Findley: The way I see it, the people of Iowa, the taxpayers are my clients. And so I know that as a lawyer, in order to do a good job, you have to know the concerns of your clients, and the concerns of every county are different. That’s why I need to go and listen to people. I’ll still be in the office.
Yeager: I need to listen to these two people as well. Mr. Northey, tell the people who are in the city of Mason City and Iowa City and Waterloo, why should they care about agriculture?
Northey: They absolutely should not only in the large towns but certainly in our small towns. ag is a huge part of Iowa’s economy, about 25 percent of the state’s economy is wrapped up in agriculture. So it's not just the folks from the small towns, it's cedar rapids. Cedar Rapids is the number one corn processing city in the world. It processes 1.2 million bushels of corn a day. That’s 1,200 semis every day running in and out of Cedar Rapids just to deliver the corn that's there, let alone taking the products out. So we have a huge number of jobs in this state, certainly managing the natural resources as well and protecting our soil and our water that's out there across the state, as well as the opportunity that we have to be able to export products. We export 7.5 billion worth of ag products a year.
Yeager: All right. Mr. Thicke, tell the folks of Sioux city and Decorah and Dubuque why they should care about the office of ag.
Thicke: Well, if they eat food and they drink water, they should have an interest in agriculture. if they're concerned about the water quality of the lakes and rivers that they have recreation in, it's important. we have 430 or more impaired waters here in Iowa, and agriculture is a contributor to that. we have to recognize that and take responsibility for that. there are solutions out there, but it's going to take a systemic change. it's not going to help to around the margins ad more -- and a little more of this and that. we need to have systemic change. we need perennial crops in the landscape. if we can transition our biofuels to perennial crops, we'll make tremendous progress. a third of our corn crop today goes to biofuels. we could make tremendous progress in helping make the landscape more resilient to heavy rainfall and flooding and leaching of nitrates that causes dead the zone down in the gulf of Mexico. so agriculture is very important to all of us, whether we are farmers or whether we just eat food.
Yeager: All right. I’m going to give you a last quick up or down question. should there be term limits for your office?

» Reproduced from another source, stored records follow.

(* Let $G=(V,q)$ be a reversible connected graph with non-negative Ollivier curvature and $q_{\min}>0$. Then every bounded function $\phi:V\to\mathbb R$ with $\Delta\phi=0$ is constant.
   Context: A graph $G=(V,q)$ consists of a countable set $V$ and a function $q:V\times V\to[0,\infty)$ such that $\#\{y:q(x,y)>0\}<\infty$ for every $x\in V$; its Laplacian is $\Delta f(x)=\sum_y q(x,y)(f(y)-f(x))$. $G$ is reversible if there is $m:V\to(0,\infty)$ with $q(x,y)m(x)=q(y,x)m(y)$. $d$ is the combinatorial graph distance ($x\sim y$ iff $q(x,y)>0$), finite since $G$ is connected. $q_{\min}:=\inf\{q(x,y):q(x,y)>0\}$. Ollivier curvature: for $x\ne y$, $\nabla_{xy}f=(f(x)-f(y))/d(x,y)$, $\|\nabla f\|_\infty=\sup_{x\ne y}|\nabla_{xy}f|$, $\kappa(x,y)=\inf\{\nabla_{xy}\Delta f:\|\nabla f\|_\infty=1,\ \nabla_{yx}f=1\}$; non-negative means $\kappa(x,y)\ge0$ for all $x\ne y$. *)

theory Defs
  imports "HOL-Analysis.Analysis"
begin

definition is_graph :: "('a::countable \<Rightarrow> 'a \<Rightarrow> real) \<Rightarrow> bool" where
  "is_graph q \<longleftrightarrow> (\<forall>x y. q x y \<ge> 0) \<and> (\<forall>x. finite {y. q x y > 0})"

definition laplacian :: "('a \<Rightarrow> 'a \<Rightarrow> real) \<Rightarrow> ('a \<Rightarrow> real) \<Rightarrow> 'a \<Rightarrow> real" where
  "laplacian q f x = (\<Sum>y\<in>{y. q x y > 0}. q x y * (f y - f x))"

Northey: No, I don't think so. I don't personally --
Thicke: If we can't get public funding for elections, I think we should have term limits.
Yeager: Okay. Mr. miller?
Miller: It would be hypocritical of me to be in favor of term limits. I’m not favor much term limits.
Yeager: All right. ms. Findley, same question.

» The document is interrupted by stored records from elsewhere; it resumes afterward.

lemma second_series_sums:
  fixes q :: complex
  assumes q: "norm q < 1"
  shows "(\<lambda>n. qpoch (- (q\<^sup>2)) (q\<^sup>2) n * q ^ (4*n+2) / qpoch q (q\<^sup>2) (n+1))
    sums ((qpoch_inf (q ^ 4) (q ^ 4) / qpoch_inf (q\<^sup>2) q - 1) / (1 + q ^ 3))"
proof -
  define A where "A = qpoch_inf q (q\<^sup>2)"
  define B where "B = qpoch_inf (- (q\<^sup>2)) (q\<^sup>2)"
  define H where "H = (\<lambda>n. (1 - q + q * (q\<^sup>2) ^ n) / qpoch_ratio q n)"
  have q2: "norm (q\<^sup>2) < 1"
    using q by (simp add: norm_power_less_one)
  have A: "A \<noteq> 0" and B: "B \<noteq> 0"
    using q q2 by (simp_all add: A_def B_def qpoch_inf_nonzero)
  have "H \<longlonglongrightarrow> (1 - q + q * 0) / (A / B)"
    unfolding H_def using A B unfolding A_def B_def
    by (intro tendsto_intros LIMSEQ_power_zero qpoch_ratio_tendsto q q2) simp
  then have "(\<lambda>n. H (Suc n) - H n) sums ((1 - q) * B / A - H 0)"
    using telescope_sums by simp
  moreover have "H 0 = 1"
    by (simp add: H_def qpoch_ratio_def)
  moreover have "H (Suc n) - H n
      = (1 + q ^ 3) * (qpoch (- (q\<^sup>2)) (q\<^sup>2) n * q ^ (4*n+2) / qpoch q (q\<^sup>2) (n+1))" for n
    unfolding second_summand_eq using second_series_telescoping[OF q, of n] by (simp add: H_def)
  moreover have "(1 - q) * B / A = qpoch_inf (q ^ 4) (q ^ 4) / qpoch_inf (q\<^sup>2) q"
  proof -
    have "qpoch_inf q q = (1 - q) * qpoch_inf (q\<^sup>2) q"
      using qpoch_inf_shift[OF q, of q 1] by (simp add: qpoch_Suc power2_eq_square)
    moreover have "qpoch_inf q q \<noteq> 0" "1 - q \<noteq> 0"
      using q by (auto simp: qpoch_inf_nonzero)
    moreover have "B / A = qpoch_inf (q ^ 4) (q ^ 4) / qpoch_inf q q"
      using qpoch_inf_q_q_mult[OF q] A B \<open>qpoch_inf q q \<noteq> 0\<close>
      by (simp add: A_def B_def field_simps)
    ultimately show ?thesis
      unfolding times_divide_eq_right[symmetric] by simp
  qed
  ultimately have "(\<lambda>n. (1 + q ^ 3) * (qpoch (- (q\<^sup>2)) (q\<^sup>2) n * q ^ (4*n+2) / qpoch q (q\<^sup>2) (n+1)))
      sums (qpoch_inf (q ^ 4) (q ^ 4) / qpoch_inf (q\<^sup>2) q - 1)"
    by simp
  from sums_mult[OF this, of "1 / (1 + q ^ 3)"] show ?thesis
    using one_plus_cube_nonzero[OF q] by simp
qed
lemma poset_iso_nap_interval_iff:
  assumes "nap_forest I t" "nap_forest I' t'"
  shows "poset_iso (nap_interval I t) (nap_le I) (nap_interval I' t') (nap_le I')
    \<longleftrightarrow> poset_iso (child_closed_subforests t) (\<subseteq>) (child_closed_subforests t') (\<subseteq>)"
proof -
  interpret T: forest I t by (rule forest.intro) fact
  interpret T': forest I' t' by (rule forest.intro) fact
  show ?thesis
    using poset_iso_cong[OF T.nap_le_iff_subset T'.nap_le_iff_subset]
    by (simp add: T.nap_interval_eq T'.nap_interval_eq)
qed

section \<open>Transport along a tree isomorphism\<close>

lemma child_closed_image:
  assumes "bij_betw g I I'" "t \<subseteq> I \<times> I"
    and edges: "\<forall>a\<in>I. \<forall>b\<in>I. (a, b) \<in> t \<longleftrightarrow> (g a, g b) \<in> t'"
    and x: "x \<in> child_closed_subforests t" and t': "t' \<subseteq> I' \<times> I'"
  shows "map_prod g g ` x \<in> child_closed_subforests t'"
proof -
  have x_sub: "x \<subseteq> t" and x_closed: "child_closed t x"
    using x by (auto simp: child_closed_subforests_def)
  have "(c', g a) \<in> map_prod g g ` x" if ab: "(a, b) \<in> x" and c'a: "(c', g a) \<in> t'" for a b c'
  proof -
    obtain c where c: "c \<in> I" "c' = g c"
      using c'a t' assms(1) by (auto simp: bij_betw_def)
    have "a \<in> I" using ab x_sub assms(2) by blast
    then have "(c, a) \<in> x"
      using ab c'a c edges x_closed unfolding child_closed_def by blast
    then show ?thesis using c by force
  qed
  then show ?thesis
    using x_sub assms(2) edges by (fastforce simp: child_closed_subforests_def child_closed_def)
qed

lemma rooted_tree_iso_inverse:
  assumes "bij_betw g I I'" "\<forall>a\<in>I. \<forall>b\<in>I. (a, b) \<in> t \<longleftrightarrow> (g a, g b) \<in> t'"
  shows "\<forall>a\<in>I'. \<forall>b\<in>I'. (a, b) \<in> t' \<longleftrightarrow> (inv_into I g a, inv_into I g b) \<in> t"
proof (intro ballI)
  fix a b assume ab: "a \<in> I'" "b \<in> I'"
  then have "inv_into I g a \<in> I" "inv_into I g b \<in> I"
    using bij_betwE[OF bij_betw_inv_into[OF assms(1)]] by blast+
  moreover have "g (inv_into I g a) = a" "g (inv_into I g b) = b"
    using ab assms(1) by (simp_all add: bij_betw_inv_into_right)
  ultimately show "(a, b) \<in> t' \<longleftrightarrow> (inv_into I g a, inv_into I g b) \<in> t"
    using assms(2) by force
qed
definition bidder_symmetric ::
  "(('n::finite,'m::finite) prof \<times> ('n \<Rightarrow> 'x) \<times> ('m \<Rightarrow> 'y)) measure \<Rightarrow> bool" where
  "bidder_symmetric M \<longleftrightarrow> (\<forall>\<pi>. \<pi> permutes (UNIV::'n set) \<longrightarrow>
      bidder_perm \<pi> \<in> M \<rightarrow>\<^sub>M M \<and> distr M M (bidder_perm \<pi>) = M)"

definition item_symmetric ::
  "(('n::finite,'m::finite) prof \<times> ('n \<Rightarrow> 'x) \<times> ('m \<Rightarrow> 'y)) measure \<Rightarrow> bool" where
  "item_symmetric M \<longleftrightarrow> (\<forall>\<tau>. \<tau> permutes (UNIV::'m set) \<longrightarrow>
      item_perm \<tau> \<in> M \<rightarrow>\<^sub>M M \<and> distr M M (item_perm \<tau>) = M)"

definition finite_expectations ::
  "(('n::finite,'m::finite) prof \<times> ('n \<Rightarrow> 'x) \<times> ('m \<Rightarrow> 'y)) measure \<Rightarrow> real set
    \<Rightarrow> ('n,'m,'x,'y) alloc \<Rightarrow> ('n,'m,'x,'y) pay
    \<Rightarrow> ('n,'m,'x,'y) alloc \<Rightarrow> ('n,'m,'x,'y) pay \<Rightarrow> bool" where
  "finite_expectations M V g p g' p' \<longleftrightarrow>
     (\<forall>i. integrable M (\<lambda>(v,x,y). p v x y i)
        \<and> integrable M (\<lambda>(v,x,y). p' v x y i)
        \<and> integrable M (\<lambda>(v,x,y). \<Sum>j\<in>UNIV. g v x y i j * v i j)
        \<and> integrable M (\<lambda>(v,x,y). \<Sum>j\<in>UNIV. g' v x y i j * v i j)
        \<and> integrable M (\<lambda>(v,x,y). regret V g p i v x y)
        \<and> integrable M (\<lambda>(v,x,y). regret V g' p' i v x y))
     \<and> integrable M (\<lambda>(v,x,y). regret_gap V g p g' p' v x y)"

end

theory Submission
  imports Defs
begin

text \<open>Averaging a mechanism over the bidder (or item) permutations makes its total utility and
  total payment, at every profile, the average of those of the original mechanism at the permuted
  profiles, while the total best-response utility can only drop, because the best response to an
  average is worth at most the average of the best responses. Under a symmetric law every permuted
  profile has the law of the original one, so expected payments and expected truthful utilities
  are unchanged and the expected regret drops by the expected drop of the total best-response
  utility. Since best responses are attained, that drop is exactly the regret gap.\<close>

type_synonym ('n,'m,'x,'y) state = "('n,'m) prof \<times> ('n \<Rightarrow> 'x) \<times> ('m \<Rightarrow> 'y)"

definition average :: "'a set \<Rightarrow> ('a \<Rightarrow> real) \<Rightarrow> real" where
  "average P f = (\<Sum>a\<in>P. f a) / real (card P)"

lemma average_mono:
  assumes "\<And>a. a \<in> P \<Longrightarrow> f a \<le> h a"
  shows "average P f \<le> average P h"
  unfolding average_def by (simp add: divide_right_mono sum_mono assms)

lemma average_permutations:
  "average {\<pi>. \<pi> permutes (UNIV::'a::finite set)} f
     = (\<Sum>\<pi>\<in>{\<pi>. \<pi> permutes (UNIV::'a set)}. f \<pi>) / real (fact CARD('a))"
  by (simp add: average_def card_permutations)

lemma
  fixes f F :: "'s \<Rightarrow> real"
  assumes fin: "finite P" and ne: "P \<noteq> {}"
    and preserving: "\<And>a. a \<in> P \<Longrightarrow> T a \<in> M \<rightarrow>\<^sub>M M \<and> distr M M (T a) = M"
    and f: "integrable M f"
    and F: "\<And>s. s \<in> space M \<Longrightarrow> F s = average P (\<lambda>a. f (T a s))"
  shows integrable_average_preserving: "integrable M F"
    and integral_average_preserving: "integral\<^sup>L M F = integral\<^sup>L M f"
proof -
  have f_meas: "f \<in> borel_measurable M" using f by auto
  have integrable_T: "integrable M (\<lambda>s. f (T a s))" if "a \<in> P" for a
    using integrable_distr_eq[of "T a" M M f] preserving[OF that] f_meas f by simp
  have integral_T: "(\<integral>s. f (T a s) \<partial>M) = integral\<^sup>L M f" if "a \<in> P" for a
    using integral_distr[of "T a" M M f] preserving[OF that] f_meas by simp
  have "integrable M (\<lambda>s. average P (\<lambda>a. f (T a s)))"
    unfolding average_def using integrable_T by auto
  then show "integrable M F"
    using F by (simp cong: Bochner_Integration.integrable_cong)
  have "integral\<^sup>L M F = (\<integral>s. average P (\<lambda>a. f (T a s)) \<partial>M)"
    using F by (simp cong: Bochner_Integration.integral_cong)
  also have "\<dots> = (\<Sum>a\<in>P. \<integral>s. f (T a s) \<partial>M) / real (card P)"
    unfolding average_def using integrable_T by (simp add: integral_sum)
  also have "\<dots> = integral\<^sup>L M f"
    using integral_T fin ne by simp
  finally show "integral\<^sup>L M F = integral\<^sup>L M f" .
qed

lemma integral_le_average_preserving:
  fixes f F :: "'s \<Rightarrow> real"
  assumes fin: "finite P" and ne: "P \<noteq> {}"
    and preserving: "\<And>a. a \<in> P \<Longrightarrow> T a \<in> M \<rightarrow>\<^sub>M M \<and> distr M M (T a) = M"
    and f: "integrable M f" and F: "integrable M F"
    and le: "\<And>s. s \<in> space M \<Longrightarrow> F s \<le> average P (\<lambda>a. f (T a s))"
  shows "integral\<^sup>L M F \<le> integral\<^sup>L M f"
proof -
  let ?avg = "\<lambda>s. average P (\<lambda>a. f (T a s))"
  have "integral\<^sup>L M F \<le> integral\<^sup>L M ?avg"
    using integrable_average_preserving[OF fin ne preserving f, where F = ?avg] F le
    by (intro integral_mono) auto
  also have "\<dots> = integral\<^sup>L M f"
    using integral_average_preserving[OF fin ne preserving f, where F = ?avg] by simp
  finally show ?thesis .
qed

definition best_utility ::
  "real set \<Rightarrow> ('n::finite,'m::finite,'x,'y) alloc \<Rightarrow> ('n,'m,'x,'y) pay \<Rightarrow> 'n
    \<Rightarrow> ('n,'m) prof \<Rightarrow> ('n \<Rightarrow> 'x) \<Rightarrow> ('m \<Rightarrow> 'y) \<Rightarrow> real" where
  "best_utility V g p i v x y = (SUP b\<in>bids V. utility g p i (v i) (v(i := b)) x y)"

Findley: I can tell you what, in the year 2040 I won't still be running for attorney general.
Yeager: All right. thank you very much. I hate to you off but thank you to each of our candidates for your insights and perspectives on these issues of the campaign of 2010, specifically as it relates to the offices of Attorney General and Secretary Agriculture. Tomorrow evening we conclude our six-part candidate series, and we turn our attention to the office of Secretary of State, where three candidates are seeking your vote. Incumbent democrat Michael Mauro is being challenged twice on the ballot by two contenders, republican Matt Schultz and libertarian Jake Porter. We discuss the policy and politics of the current campaign, and you can join us at 6:30 p.m. tomorrow evening. I hope you will be able to join us for that program. That concludes our Friday evening edition of Iowa Candidates 2010. My name is Paul Yeager. Thank you so much for joining us here on statewide Iowa Public Television.